Lorenzo asked his doctors about survival and side effects and talked to friends and family members before deciding on treatment. He shares his story in this blog post.

Different types of treatment are available for prostate cancer. You and your doctor will decide which treatment is right for you. Some common treatments are

  • Expectant management. If your doctor thinks your prostate cancer is unlikely to grow quickly, he or she may recommend that you dont treat the cancer right away. Instead, you can choose to wait and see if you get symptoms in one of two ways:
  • Active surveillance. Closely monitoring the prostate cancer by performing prostate specific antigen tests and prostate biopsies regularly, and treating the cancer only if it grows or causes symptoms.
  • Watchful waiting. No tests are done. Your doctor treats any symptoms when they develop. This is usually recommended for men who are expected to live for 10 more years or less.

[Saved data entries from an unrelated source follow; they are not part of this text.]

lemma mean_hitting_time_eq_beta_integrand:
  assumes \<gamma>: "\<gamma> > 0" and p: "p = 1 / (\<gamma> + 1)" and j: "1 \<le> j" "j \<le> n"
  shows "mean_hitting_time \<gamma> n j = (2 * (\<gamma> + 1)) powr p * (real n powr (- p) * beta_integrand p (real j / real n))"
proof -
  have n: "0 < real n" and jj: "0 < real j" and jn: "real j \<le> real n" using j by auto
  have "(real j / real n) powr (- p) = (real n / real j) powr p"
    using n jj by (simp add: powr_minus_divide powr_divide)
  moreover have "(real n / real j) * (1 - real j / real n) = (real n - real j) / real j"
    using n jj by (simp add: field_simps)
  ultimately have beta: "beta_integrand p (real j / real n) = ((real n - real j) / real j) powr p"
    unfolding beta_integrand_def using n jj jn by (metis divide_nonneg_nonneg of_nat_0_le_iff powr_mult
      diff_ge_0_iff_ge divide_le_eq_1 order_less_imp_le)
  have "(\<gamma> + 1) * (2 / real j - 2 / real n) = (2 * (\<gamma> + 1)) * ((1 / real n) * ((real n - real j) / real j))"
    using n jj by (simp add: field_simps)
  then have "mean_hitting_time \<gamma> n j = ((2 * (\<gamma> + 1)) * ((1 / real n) * ((real n - real j) / real j))) powr p"
    unfolding mean_hitting_time_def time_change_inv_def p by simp
  also have "\<dots> = (2 * (\<gamma> + 1)) powr p * ((1 / real n) powr p * ((real n - real j) / real j) powr p)"
  proof -
    have "0 \<le> 2 * (\<gamma> + 1)" "0 \<le> 1 / real n" "0 \<le> (real n - real j) / real j"
      using \<gamma> jn jj by auto
    then show ?thesis by (simp only: powr_mult)
  qed
  also have "(1 / real n) powr p = real n powr (- p)" using n by (simp add: powr_minus_divide powr_divide)
  finally show ?thesis unfolding beta .
qed

lemma mean_hitting_time_sum_tendsto:
  assumes \<gamma>: "\<gamma> > 0" and p: "p = 1 / (\<gamma> + 1)"
  shows "(\<lambda>n. (\<Sum>j=cutoff n..n-1. mean_hitting_time \<gamma> n j) / real n powr (1 - p))
    \<longlonglongrightarrow> (2 * (\<gamma> + 1)) powr p * (p * pi / sin (pi * p))"
proof -
  have p01: "0 < p" "p < 1" using inverse_plus_one_bounds[OF \<gamma>] p by auto
  note beta = has_integral_beta_integrand[OF p01]
  have "eventually (\<lambda>n. 2 \<le> cutoff n \<and> cutoff n \<le> n) sequentially"
    using eventually_cutoff_le by eventually_elim auto
  from riemann_sum_tendsto_integral_antimono[OF has_integral_integrable[OF beta]
      beta_integrand_antimono[OF p01(1)] _ this cutoff_over_tendsto_0]
  have "(\<lambda>n. (2 * (\<gamma> + 1)) powr p * ((\<Sum>j=cutoff n..n-1. beta_integrand p (real j / n)) / n))
      \<longlonglongrightarrow> (2 * (\<gamma> + 1)) powr p * (p * pi / sin (pi * p))"
    unfolding integral_unique[OF beta] by (intro tendsto_mult_left) (auto simp: beta_integrand_def)
  moreover have "eventually (\<lambda>n. (2 * (\<gamma> + 1)) powr p * ((\<Sum>j=cutoff n..n-1. beta_integrand p (real j / n)) / n)
      = (\<Sum>j=cutoff n..n-1. mean_hitting_time \<gamma> n j) / real n powr (1 - p)) sequentially"
    using eventually_cutoff_le
  proof eventually_elim
    case (elim n)
    have "real n powr (- p) / real n powr (1 - p) = real n powr (- 1)"
      by (simp add: powr_diff[symmetric])
    then have ratio: "real n powr (- p) / real n powr (1 - p) = 1 / real n"
      using elim by (simp add: powr_minus_divide)
    have "(\<Sum>j=cutoff n..n-1. mean_hitting_time \<gamma> n j)
        = (\<Sum>j=cutoff n..n-1. (2 * (\<gamma> + 1)) powr p * (real n powr (- p) * beta_integrand p (real j / real n)))"
      using elim by (intro sum.cong refl mean_hitting_time_eq_beta_integrand[OF \<gamma> p]) auto
    also have "\<dots> = (2 * (\<gamma> + 1)) powr p * real n powr (- p) * (\<Sum>j=cutoff n..n-1. beta_integrand p (real j / real n))"
      by (simp add: sum_distrib_left mult.assoc)
    finally
    have "(\<Sum>j=cutoff n..n-1. mean_hitting_time \<gamma> n j) / real n powr (1 - p)
        = (2 * (\<gamma> + 1)) powr p * (real n powr (- p) / real n powr (1 - p))
          * (\<Sum>j=cutoff n..n-1. beta_integrand p (real j / real n))"
      by simp
    then show ?case unfolding ratio by simp
  qed
  ultimately show ?thesis by (rule Lim_transform_eventually)
qed

definition weight_sum :: "real \<Rightarrow> nat \<Rightarrow> real" where
  "weight_sum p n = real (cutoff n) * real (cutoff n - 1) powr (- 3 * p / 2)
     + (\<Sum>j=cutoff n..n-1. real j powr (- 3 * p / 2))"

lemma weight_sum_nonneg: "0 \<le> weight_sum p n"
  unfolding weight_sum_def by (intro add_nonneg_nonneg sum_nonneg) auto

lemma weight_sum_le:
  assumes p: "0 < p" "p < 1" and n: "1 \<le> n" "2 \<le> cutoff n" "cutoff n \<le> n"
  shows "weight_sum p n / real n powr (1 - p) \<le> 2 * (real (cutoff n - 1) / real n) powr (1 - p)
            + real (cutoff n) powr (- p / 2) * integral {0..1} (\<lambda>x. x powr (- p))"
proof -
  define m where "m = cutoff n"
  define I where "I = integral {0..1} (\<lambda>x::real. x powr (- p))"
  have m1: "1 \<le> real (m - 1)" and m_le: "real m \<le> 2 * real (m - 1)" and "0 < real n"
    using n by (auto simp: m_def of_nat_diff)
  have first: "real m * real (m - 1) powr (- 3 * p / 2) \<le> 2 * real (m - 1) powr (1 - p)"
  proof -
    have "real m * real (m - 1) powr (- 3 * p / 2) \<le> (2 * real (m - 1)) * real (m - 1) powr (- p)"
      using m1 m_le p by (intro mult_mono powr_mono) auto
    also have "\<dots> = 2 * real (m - 1) powr (1 - p)"
      using powr_add[of "real (m - 1)" 1 "- p"] m1 by simp
    finally show ?thesis .
  qed
  have riemann: "(\<Sum>j=m..n-1. (real j / n) powr (- p)) / n \<le> I"
    unfolding I_def using n p
    by (intro riemann_sum_le_integral_antimono integrable_on_powr_from_0 powr_mono2') (auto simp: m_def)
  have "(\<Sum>j=m..n-1. real j powr (- 3 * p / 2)) \<le> (\<Sum>j=m..n-1. real m powr (- p / 2) * real j powr (- p))"
  proof (intro sum_mono)
    fix j assume j: "j \<in> {m..n-1}"
    have "real j powr (- 3 * p / 2) = real j powr (- p / 2) * real j powr (- p)"
      by (simp add: powr_add[symmetric])
    also have "\<dots> \<le> real m powr (- p / 2) * real j powr (- p)"
      using j n p by (intro mult_right_mono powr_mono2') (auto simp: m_def)
    finally show "real j powr (- 3 * p / 2) \<le> real m powr (- p / 2) * real j powr (- p)" .
  qed
  also have "\<dots> = real m powr (- p / 2) * (real n powr (1 - p) * ((\<Sum>j=m..n-1. (real j / n) powr (- p)) / n))"
  proof -
    have "(\<Sum>j=m..n-1. real j powr (- p)) = real n powr (- p) * (\<Sum>j=m..n-1. (real j / n) powr (- p))"
      using \<open>0 < real n\<close> by (simp add: sum_distrib_left powr_divide)
    moreover have "real n powr (- p) = real n powr (1 - p) / real n"
      using \<open>0 < real n\<close> by (simp add: powr_diff powr_minus_divide)
    ultimately show ?thesis by (simp add: sum_distrib_left[symmetric])
  qed
  also have "\<dots> \<le> real m powr (- p / 2) * (real n powr (1 - p) * I)"
    using riemann by (intro mult_left_mono) auto
  finally have "weight_sum p n \<le> 2 * real (m - 1) powr (1 - p) + real m powr (- p / 2) * (real n powr (1 - p) * I)"
    unfolding weight_sum_def m_def[symmetric] using first by linarith
  then have "weight_sum p n / real n powr (1 - p)
      \<le> (2 * real (m - 1) powr (1 - p) + real m powr (- p / 2) * (real n powr (1 - p) * I)) / real n powr (1 - p)"
    by (intro divide_right_mono) auto
  also have "\<dots> = 2 * (real (m - 1) / real n) powr (1 - p) + real m powr (- p / 2) * I"
    using \<open>0 < real n\<close> by (simp add: field_simps powr_divide)
  finally show ?thesis unfolding m_def I_def .
qed

lemma weight_sum_tendsto_0:
  assumes "0 < p" "p < 1"
  shows "(\<lambda>n. weight_sum p n / real n powr (1 - p)) \<longlonglongrightarrow> 0"
proof (rule real_tendsto_sandwich[where f="\<lambda>_. 0"])
  show "\<forall>\<^sub>F n in sequentially. weight_sum p n / real n powr (1 - p) \<le> 2 * (real (cutoff n - 1) / real n) powr (1 - p)
            + real (cutoff n) powr (- p / 2) * integral {0..1} (\<lambda>x. x powr (- p))"
    using eventually_cutoff_le by eventually_elim (use weight_sum_le[OF assms] in auto)
  show "(\<lambda>n. 2 * (real (cutoff n - 1) / real n) powr (1 - p)
      + real (cutoff n) powr (- p / 2) * integral {0..1} (\<lambda>x. x powr (- p))) \<longlonglongrightarrow> 0"
    using tendsto_add[OF tendsto_mult_left[OF cutoff_ratio_powr_tendsto_0]
        tendsto_mult_right[OF cutoff_powr_tendsto_0]] assms by simp
qed (auto simp: weight_sum_nonneg)

lemma cutoff_mean_hitting_time_le:
  assumes \<gamma>: "\<gamma> > 0" and p: "p = 1 / (\<gamma> + 1)" and n: "1 \<le> n" "2 \<le> cutoff n" "cutoff n \<le> n"
  shows "real (cutoff n) * mean_hitting_time \<gamma> n (cutoff n - 1) / real n powr (1 - p)
      \<le> (2 * (\<gamma> + 1)) powr p * (2 * (real (cutoff n - 1) / real n) powr (1 - p))"
proof -
  define m where "m = cutoff n"
  have m1: "1 \<le> real (m - 1)" and m_le: "real m \<le> 2 * real (m - 1)" and "0 < real n"
    using n by (auto simp: m_def of_nat_diff)
  have "0 < p" using inverse_plus_one_bounds[OF \<gamma>] p by simp
  have "2 / real n \<le> 2 / real (m - 1)" using m1 n by (intro divide_left_mono) (auto simp: m_def)
  then have "mean_hitting_time \<gamma> n (m - 1) \<le> ((\<gamma> + 1) * (2 / real (m - 1))) powr p"
    unfolding mean_hitting_time_def time_change_inv_def p[symmetric]
    using \<gamma> \<open>0 < p\<close> by (intro powr_mono2 mult_left_mono) auto
  also have "\<dots> = (2 * (\<gamma> + 1)) powr p * real (m - 1) powr (- p)"
    using m1 \<gamma> by (simp add: powr_mult powr_divide powr_minus_divide field_simps)
  finally have "real m * mean_hitting_time \<gamma> n (m - 1)
      \<le> (2 * real (m - 1)) * ((2 * (\<gamma> + 1)) powr p * real (m - 1) powr (- p))"
    using m_le by (intro mult_mono) (auto simp: mean_hitting_time_nonneg)
  also have "\<dots> = (2 * (\<gamma> + 1)) powr p * (2 * real (m - 1) powr (1 - p))"
    using powr_add[of "real (m - 1)" 1 "- p"] m1 by simp
  finally show ?thesis
    unfolding m_def[symmetric] using \<open>0 < real n\<close> by (simp add: divide_right_mono powr_divide)
qed

definition bias_bound :: "real \<Rightarrow> real \<Rightarrow> nat \<Rightarrow> real" where
  "bias_bound \<gamma> p n = (real (cutoff n) * mean_hitting_time \<gamma> n (cutoff n - 1) + (\<gamma> + 1) powr p * weight_sum p n)
     / real n powr (1 - p)"

lemma bias_bound_tendsto_0:
  assumes \<gamma>: "\<gamma> > 0" and p: "p = 1 / (\<gamma> + 1)"
  shows "(\<lambda>n. bias_bound \<gamma> p n) \<longlonglongrightarrow> 0"
proof -
  have p01: "0 < p" "p < 1" using inverse_plus_one_bounds[OF \<gamma>] p by auto
  have "(\<lambda>n. real (cutoff n) * mean_hitting_time \<gamma> n (cutoff n - 1) / real n powr (1 - p)) \<longlonglongrightarrow> 0"
  proof (rule real_tendsto_sandwich[where f="\<lambda>_. 0"])
    show "\<forall>\<^sub>F n in sequentially. real (cutoff n) * mean_hitting_time \<gamma> n (cutoff n - 1) / real n powr (1 - p)
        \<le> (2 * (\<gamma> + 1)) powr p * (2 * (real (cutoff n - 1) / real n) powr (1 - p))"
      using eventually_cutoff_le by eventually_elim (use cutoff_mean_hitting_time_le[OF \<gamma> p] in auto)
    show "(\<lambda>n. (2 * (\<gamma> + 1)) powr p * (2 * (real (cutoff n - 1) / real n) powr (1 - p))) \<longlonglongrightarrow> 0"
      using tendsto_mult_left[OF tendsto_mult_left[OF cutoff_ratio_powr_tendsto_0]] p01 by simp
  qed (auto simp: mean_hitting_time_nonneg)
  moreover have "(\<lambda>n. (\<gamma> + 1) powr p * (weight_sum p n / real n powr (1 - p))) \<longlonglongrightarrow> 0"
    using tendsto_mult_left[OF weight_sum_tendsto_0[OF p01]] by simp
  ultimately show ?thesis
    unfolding bias_bound_def add_divide_distrib using tendsto_add by fastforce
qed

section \<open>Concentration\<close>

definition deviation_term :: "real \<Rightarrow> nat \<Rightarrow> (nat \<Rightarrow> real) \<Rightarrow> nat \<Rightarrow> real" where
  "deviation_term p n e j = real j powr (3 - 3 * p / 2) * ((\<Sum>i=j+1..n. e i) - (2 / real j - 2 / real n))\<^sup>2"

definition deviation_sum :: "real \<Rightarrow> nat \<Rightarrow> (nat \<Rightarrow> real) \<Rightarrow> real" where
  "deviation_sum p n e = real (cutoff n) * deviation_term p n e (cutoff n - 1)
     + (\<Sum>j=cutoff n..n-1. deviation_term p n e j)"

lemma deviation_sum_nonneg: "0 \<le> deviation_sum p n e"
  unfolding deviation_sum_def deviation_term_def by (intro add_nonneg_nonneg sum_nonneg mult_nonneg_nonneg) auto
(* Let $A$ be an abelian group. The set $IE(A)$ of all inertial endomorphisms of $A$ is a subring of the endomorphism ring $E(A)$, and it contains the set $F(A)$ of all endomorphisms of $A$ with finite image, which is an ideal of $IE(A)$.
   Context: Abelian groups are written additively. An endomorphism $\varphi$ of an abelian group $A$ is called inertial if for every subgroup $X\le A$ the quotient $(\varphi(X)+X)/X$ is finite. *)

theory Defs
  imports "HOL-Algebra.Ideal" "HOL-Algebra.Subrings"
begin

text \<open>The abelian group A is the type 'a of class ab_group_add (carrier UNIV).\<close>

definition endo :: "('a::ab_group_add \<Rightarrow> 'a) \<Rightarrow> bool" where
  "endo \<phi> \<longleftrightarrow> (\<forall>x y. \<phi> (x + y) = \<phi> x + \<phi> y)"

definition subgrp :: "'a::ab_group_add set \<Rightarrow> bool" where
  "subgrp U \<longleftrightarrow> 0 \<in> U \<and> (\<forall>x\<in>U. \<forall>y\<in>U. x + y \<in> U) \<and> (\<forall>x\<in>U. uminus x \<in> U)"

text \<open>The quotient (Y + U)/U as the set of cosets y + U, y in Y + U.\<close>
definition quot_set :: "'a::ab_group_add set \<Rightarrow> 'a set \<Rightarrow> 'a set set" where
  "quot_set Y U = (\<lambda>y. (\<lambda>x. y + x) ` U) ` Y"

definition inertial :: "('a::ab_group_add \<Rightarrow> 'a) \<Rightarrow> bool" where
  "inertial \<phi> \<longleftrightarrow> endo \<phi> \<and>
     (\<forall>U. subgrp U \<longrightarrow> finite (quot_set {a + b | a b. a \<in> \<phi> ` U \<and> b \<in> U} U))"

definition End_ring :: "'a::ab_group_add itself \<Rightarrow> ('a \<Rightarrow> 'a) ring" where
  "End_ring _ = \<lparr>carrier = {\<phi>. endo \<phi>}, mult = (\<lambda>\<phi> \<psi>. \<phi> \<circ> \<psi>), one = id,
                 zero = (\<lambda>x. 0), add = (\<lambda>\<phi> \<psi> x. \<phi> x + \<psi> x)\<rparr>"

definition IE :: "'a::ab_group_add itself \<Rightarrow> ('a \<Rightarrow> 'a) set" where
  "IE _ = {\<phi>. inertial \<phi>}"

definition FE :: "'a::ab_group_add itself \<Rightarrow> ('a \<Rightarrow> 'a) set" where
  "FE _ = {\<phi>. endo \<phi> \<and> finite (range \<phi>)}"

end

theory Submission
  imports Defs
begin

text \<open>An endomorphism \<phi> is inertial iff it maps every subgroup U into finitely many cosets of U,
  i.e. \<phi>(U) \<subseteq> F + U for some finite set F. This covering condition is preserved by sums and
  negatives, and by composition: from \<psi>(U) \<subseteq> G + U and \<phi>(U) \<subseteq> F + U we get
  \<phi>(\<psi>(U)) \<subseteq> \<phi>(G) + F + U. It holds trivially when \<phi> has finite image. Finally, the
  endomorphisms with finite image form an ideal of the whole ring E(A), hence of any subring
  containing them, such as IE(A).\<close>

lemma endo_zero: "endo \<phi> \<Longrightarrow> \<phi> 0 = 0"
  unfolding endo_def by (metis add_0 add_cancel_left_right)

lemma endo_minus: "endo \<phi> \<Longrightarrow> \<phi> (- x) = - \<phi> x"
proof -
  assume "endo \<phi>"
  then have "\<phi> x + \<phi> (- x) = 0"
    using endo_zero unfolding endo_def by (metis add.right_inverse)
  then show ?thesis by (simp add: add_eq_0_iff)
qed

lemma endo_diff: "endo \<phi> \<Longrightarrow> \<phi> (x - y) = \<phi> x - \<phi> y"
  by (metis endo_def endo_minus diff_conv_add_uminus)

lemma endo_id: "endo id"
  unfolding endo_def by simp

lemma endo_zero_fun: "endo (\<lambda>x. 0)"
  unfolding endo_def by simp

lemma endo_add: "endo \<phi> \<Longrightarrow> endo \<psi> \<Longrightarrow> endo (\<lambda>x. \<phi> x + \<psi> x)"
  unfolding endo_def by (simp add: algebra_simps)

lemma endo_uminus: "endo \<phi> \<Longrightarrow> endo (\<lambda>x. - \<phi> x)"
  unfolding endo_def by simp

lemma endo_comp: "endo \<phi> \<Longrightarrow> endo \<psi> \<Longrightarrow> endo (\<phi> \<circ> \<psi>)"
  unfolding endo_def by simp

lemma subgrp_zero: "subgrp U \<Longrightarrow> 0 \<in> U"
  unfolding subgrp_def by blast

lemma subgrp_add: "subgrp U \<Longrightarrow> x \<in> U \<Longrightarrow> y \<in> U \<Longrightarrow> x + y \<in> U"
  unfolding subgrp_def by blast

lemma subgrp_minus: "subgrp U \<Longrightarrow> x \<in> U \<Longrightarrow> - x \<in> U"
  unfolding subgrp_def by blast

lemma ring_End_ring: "ring (End_ring TYPE('a::ab_group_add))"
proof (rule ringI)
  show "abelian_group (End_ring TYPE('a))"
  proof (rule abelian_groupI)
    fix \<phi> assume "\<phi> \<in> carrier (End_ring TYPE('a))"
    then have "(\<lambda>x. - \<phi> x) \<in> carrier (End_ring TYPE('a))
        \<and> (\<lambda>x. - \<phi> x) \<oplus>\<^bsub>End_ring TYPE('a)\<^esub> \<phi> = \<zero>\<^bsub>End_ring TYPE('a)\<^esub>"
      by (simp add: End_ring_def endo_uminus)
    then show "\<exists>\<psi>\<in>carrier (End_ring TYPE('a)). \<psi> \<oplus>\<^bsub>End_ring TYPE('a)\<^esub> \<phi> = \<zero>\<^bsub>End_ring TYPE('a)\<^esub>"
      by blast
  qed (auto simp: End_ring_def endo_add endo_zero_fun add_ac)
next
  show "monoid (End_ring TYPE('a))"
    by (rule monoidI) (auto simp: End_ring_def endo_comp endo_id comp_assoc)
qed (auto simp: End_ring_def endo_def)

lemma End_ring_a_inv:
  assumes "endo \<phi>"
  shows "\<ominus>\<^bsub>End_ring TYPE('a::ab_group_add)\<^esub> \<phi> = (\<lambda>x. - \<phi> x)"
proof -
  interpret ring "End_ring TYPE('a)" by (rule ring_End_ring)
  show ?thesis
    by (rule minus_equality) (simp_all add: End_ring_def assms endo_uminus)
qed

lemma (in ring) ideal_restrict_subring:
  assumes I: "ideal I R" and S: "subring S R" and "I \<subseteq> S"
  shows "ideal I (R\<lparr>carrier := S\<rparr>)"
proof (rule idealI)
  show "ring (R\<lparr>carrier := S\<rparr>)" by (rule subring_is_ring[OF S])
  have "subgroup I (add_monoid R)"
    using I by (simp add: ideal_def additive_subgroup_def)
  then have "subgroup I ((add_monoid R)\<lparr>carrier := S\<rparr>)"
    using add.subgroup_incl subring.axioms(1)[OF S] \<open>I \<subseteq> S\<close> by blast
  then show "subgroup I (add_monoid (R\<lparr>carrier := S\<rparr>))" by simp
next
  fix a x assume "a \<in> I" "x \<in> carrier (R\<lparr>carrier := S\<rparr>)"
  then have "x \<in> carrier R" using subringE(1)[OF S] by auto
  then show "x \<otimes>\<^bsub>R\<lparr>carrier := S\<rparr>\<^esub> a \<in> I" "a \<otimes>\<^bsub>R\<lparr>carrier := S\<rparr>\<^esub> x \<in> I"
    using ideal.I_l_closed[OF I \<open>a \<in> I\<close>] ideal.I_r_closed[OF I \<open>a \<in> I\<close>] by simp_all
qed

lemma coset_eq:
  assumes U: "subgrp U" and "y - z \<in> U"
  shows "(\<lambda>x. y + x) ` U = (\<lambda>x. z + x) ` U"
proof -
  have "(\<lambda>x. y + x) ` U \<subseteq> (\<lambda>x. z + x) ` U" if "y - z \<in> U" for y z
  proof
    fix w assume "w \<in> (\<lambda>x. y + x) ` U"
    then obtain u where "u \<in> U" "w = y + u" by blast
    then have "w = z + ((y - z) + u)" "(y - z) + u \<in> U"
      using subgrp_add[OF U that] by auto
    then show "w \<in> (\<lambda>x. z + x) ` U" by blast
  qed
  moreover have "z - y \<in> U" using subgrp_minus[OF U assms(2)] by simp
  ultimately show ?thesis using assms(2) by blast
qed
lemma W_edge_forces_small_deficit:
  assumes "real (num_edges V E) - 3/2 < r * r - r" and "num_edges W E \<noteq> 0"
  shows "num_edges W E = 1" and "(\<Sum>v\<in>U. deficit y v) + (\<Sum>w\<in>W. cost w) < 1/2"
proof -
  have "0 \<le> (\<Sum>v\<in>U. deficit y v)" using sum_deficit_nonneg y_bounds U_subset by blast
  moreover have "0 \<le> (\<Sum>w\<in>W. cost w)" using cost_nonneg by (simp add: sum_nonneg)
  moreover have "real (num_edges W E) + (\<Sum>v\<in>U. deficit y v) + (\<Sum>w\<in>W. cost w) < 3/2"
    using sq_minus_eigenvalue_eq assms(1) by argo
  ultimately have "real (num_edges W E) < 2" by linarith
  then show "num_edges W E = 1" using assms(2) by simp
  with \<open>real (num_edges W E) + _ + _ < 3/2\<close>
  show "(\<Sum>v\<in>U. deficit y v) + (\<Sum>w\<in>W. cost w) < 1/2" by simp
qed

lemma eigen_W_edge_end:
  assumes "w \<in> W" and "nbW w = {w'}"
  shows "r * y w = (\<Sum>z\<in>nbU w. y z) + y w'"
proof -
  have "w' \<notin> nbU w" using assms(2) nbU_nbW_disjoint(1) by auto
  have "r * y w = (\<Sum>z\<in>nbhd V E w. y z)" using eigen assms(1) W_subset by auto
  also have "\<dots> = (\<Sum>z\<in>insert w' (nbU w). y z)" using nbhd_W_vertex[OF assms(1)] assms(2) by simp
  also have "\<dots> = (\<Sum>z\<in>nbU w. y z) + y w'" using finite_nbU \<open>w' \<notin> nbU w\<close> by simp
  finally show ?thesis .
qed

lemma sum_nbU_W_vertex_le:
  assumes "U = isolU \<union> triU" and "w \<in> W"
  shows "(\<Sum>z\<in>nbU w. y z) \<le> real (card triU) / 3 + (\<Sum>v\<in>isolU. y v)"
proof -
  have fin: "finite isolU" "finite triU" unfolding isolU_def triU_def using finite_U by auto
  have triU_sub: "triU \<subseteq> U" unfolding triU_def by auto
  have "nbU w = (nbU w \<inter> isolU) \<union> (nbU w \<inter> triU)" using nbU_subset assms(1) by auto
  moreover have "(nbU w \<inter> isolU) \<inter> (nbU w \<inter> triU) = {}" using isolU_triU_disjoint by auto
  ultimately have "(\<Sum>z\<in>nbU w. y z) = (\<Sum>z\<in>nbU w \<inter> isolU. y z) + (\<Sum>z\<in>nbU w \<inter> triU. y z)"
    using finite_nbU by (metis finite_Int sum.union_disjoint)
  also have "(\<Sum>z\<in>nbU w \<inter> isolU. y z) \<le> (\<Sum>v\<in>isolU. y v)"
    using fin y_bounds U_subset unfolding isolU_def by (intro sum_mono2) auto
  also have "(\<Sum>z\<in>nbU w \<inter> triU. y z) \<le> (\<Sum>z\<in>nbU w \<inter> triU. 1)"
    using y_bounds U_subset triU_sub by (intro sum_mono) auto
  also have "nbU w \<inter> triU = {v\<in>triU. E w v}" using triU_sub unfolding nbU_def by auto
  then have "(\<Sum>z\<in>nbU w \<inter> triU. 1) = real (card {v\<in>triU. E w v})" by simp
  also have "\<dots> \<le> real (card triU) / 3"
    using card_triangle_nbrs_of_outside_vertex[of w] W_outside[OF assms(2)] by simp
  finally show ?thesis by simp
qed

  • Surgery. A prostatectomy is an operation where doctors remove the prostate. Radical prostatectomy removes the prostate as well as the surrounding tissue.
  • Radiation therapy. Using high-energy rays to kill the cancer. There are two types of radiation therapy
  • External radiation therapy. A machine outside the body directs radiation at the cancer cells.
  • Internal radiation therapy . Radioactive seeds or pellets are surgically placed into or near the cancer to destroy the cancer cells.